Plot preferences can be changed in the plot call:
>>> pdata.plot(linestyle='solid', marker='')
Note
The supported options depend on the plot backend (although at present only matplotlib is supported).
The plot objects automatically handle any filters applied to the data, as shown below.
>>> from sherpa.plot import DataPlot
>>> pdata = DataPlot()
>>> d1.notice()
>>> d1.ignore(25, 30)
>>> d1.notice(26, 27)
>>> pdata.prepare(d1)
>>> pdata.plot()
Note
The plot object stores the data given in the
prepare() call,
so that changes to the underlying objects will not be reflected
in future calls to
plot()
unless a new call to
prepare() is made.
>>> d1.notice()
At this point, a call to pdata.plot() would re-create the previous
plot, even though the filter has been removed from the underlying
data object.
Evaluating a model
The eval_model() and
eval_model_to_fit()
methods can be used
to evaluate a model on the grid defined by the data set.

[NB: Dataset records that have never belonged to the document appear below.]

definition gcomp :: "('f::field \<Rightarrow> 'g::ab_group_add \<Rightarrow> 'g) \<Rightarrow> ('n \<Rightarrow> 'g \<Rightarrow> 'g) \<Rightarrow> ('n \<Rightarrow> 'f)
    \<Rightarrow> ('n \<Rightarrow> nat) \<Rightarrow> ('n \<Rightarrow> int) \<Rightarrow> 'g set" where
  "gcomp scale sigma xi m k = {x. \<forall>i. sigma i x = scale (xi i ^ nat (k i mod int (m i))) x}"

text \<open>g \<otimes> R with R = F[t_i^{\<pm>1}] is modelled as finitely supported maps Z^N \<rightarrow> g,
  X = \<Sum>_k X(k) \<otimes> t^k.  Laurent polynomials R are finitely supported maps Z^N \<rightarrow> F.\<close>
definition tens :: "('f::field \<Rightarrow> 'g::ab_group_add \<Rightarrow> 'g) \<Rightarrow> 'g \<Rightarrow> (('n \<Rightarrow> int) \<Rightarrow>\<^sub>0 'f) \<Rightarrow> ('n \<Rightarrow> int) \<Rightarrow>\<^sub>0 'g" where
  "tens scale x f = Poly_Mapping.map (\<lambda>c. scale c x) f"

definition tpow :: "('n \<Rightarrow> int) \<Rightarrow> ('n \<Rightarrow> int) \<Rightarrow>\<^sub>0 'f::field" where
  "tpow k = Poly_Mapping.single k 1"

definition lbr :: "('g::ab_group_add \<Rightarrow> 'g \<Rightarrow> 'g) \<Rightarrow> (('n \<Rightarrow> int) \<Rightarrow>\<^sub>0 'g) \<Rightarrow> (('n \<Rightarrow> int) \<Rightarrow>\<^sub>0 'g) \<Rightarrow> ('n \<Rightarrow> int) \<Rightarrow>\<^sub>0 'g" where
  "lbr br X Y = (\<Sum>a\<in>Poly_Mapping.keys X. \<Sum>b\<in>Poly_Mapping.keys Y. Poly_Mapping.single (a + b) (br (Poly_Mapping.lookup X a) (Poly_Mapping.lookup Y b)))"
(* Let $n>1$ be an integer and $S=S_1\cup S_2\subseteq U_{6n}$ with $S_1=\langle a^2\rangle\setminus\{1\}$ and $S_2=\{a^{2r+1},\ a^{2r+1}b\mid 0\le r\le n-1\}$. Then $\mathrm{Cay}(U_{6n},S)$ is a connected integral graph whose spectrum (eigenvalues with multiplicities) is $\{[-n-1]^1,[-1]^{6n-4},[2n-1]^2,[3n-1]^1\}$.
   Context: For an integer $n\ge1$, $U_{6n}=\langle a,b\mid a^{2n}=b^3=1,\ a^{-1}ba=b^{-1}\rangle$, a group of order $6n$. For a group $G$ and $S\subseteq G$ with $1\notin S=S^{-1}$, the Cayley graph $\mathrm{Cay}(G,S)$ has vertex set $G$ and edges $\{g,sg\}$ for $g\in G,s\in S$. A graph is integral if all eigenvalues of its adjacency matrix are integers. $[\lambda]^m$ denotes eigenvalue $\lambda$ with multiplicity $m$. *)

theory Defs
  imports "HOL-Algebra.Group" "Jordan_Normal_Form.Char_Poly"
begin

text \<open>Concrete model of U_{6n} = <a,b | a^(2n) = b^3 = 1, a^-1 b a = b^-1>.
  The pair (i,j) with i < 2n, j < 3 stands for a^i b^j.  Since b^j a^k = a^k b^((-1)^k j),
  (a^i b^j)(a^k b^l) = a^(i+k) b^((-1)^k j + l).\<close>

definition U :: "nat \<Rightarrow> (nat \<times> nat) monoid" where
  "U n = \<lparr> carrier = {0..<2*n} \<times> {0..<3},
           mult = (\<lambda>(i,j) (k,l). ((i + k) mod (2*n),
                     ((if even k then j else (3 - j) mod 3) + l) mod 3)),
           one = (0, 0) \<rparr>"

definition gen_a :: "nat \<times> nat" where "gen_a = (1, 0)"
definition gen_b :: "nat \<times> nat" where "gen_b = (0, 1)"

definition cay_adj :: "('a, 'b) monoid_scheme \<Rightarrow> 'a set \<Rightarrow> 'a \<Rightarrow> 'a \<Rightarrow> bool" where
  "cay_adj G S g h \<longleftrightarrow> g \<in> carrier G \<and> h \<in> carrier G \<and>
      ((\<exists>s\<in>S. h = s \<otimes>\<^bsub>G\<^esub> g) \<or> (\<exists>s\<in>S. g = s \<otimes>\<^bsub>G\<^esub> h))"

definition cay_connected :: "('a, 'b) monoid_scheme \<Rightarrow> 'a set \<Rightarrow> bool" where
  "cay_connected G S \<longleftrightarrow>
     (\<forall>g\<in>carrier G. \<forall>h\<in>carrier G. (g, h) \<in> {(x, y). cay_adj G S x y}\<^sup>*)"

The
first version uses the full grid, whereas the second respects
any filtering applied to the data.
>>> d1.notice(22, 25)
>>> y1 = d1.eval_model(mdl)
>>> y2 = d1.eval_model_to_fit(mdl)
>>> x2 = d1.x[d1.mask]
>>> plt.plot(d1.x, d1.y, 'ko', label='Data')
>>> plt.plot(d1.x, y1, '--', label='Model (all points)')
>>> plt.plot(x2, y2, linewidth=2, label='Model (filtered)')
>>> plt.legend(loc=2)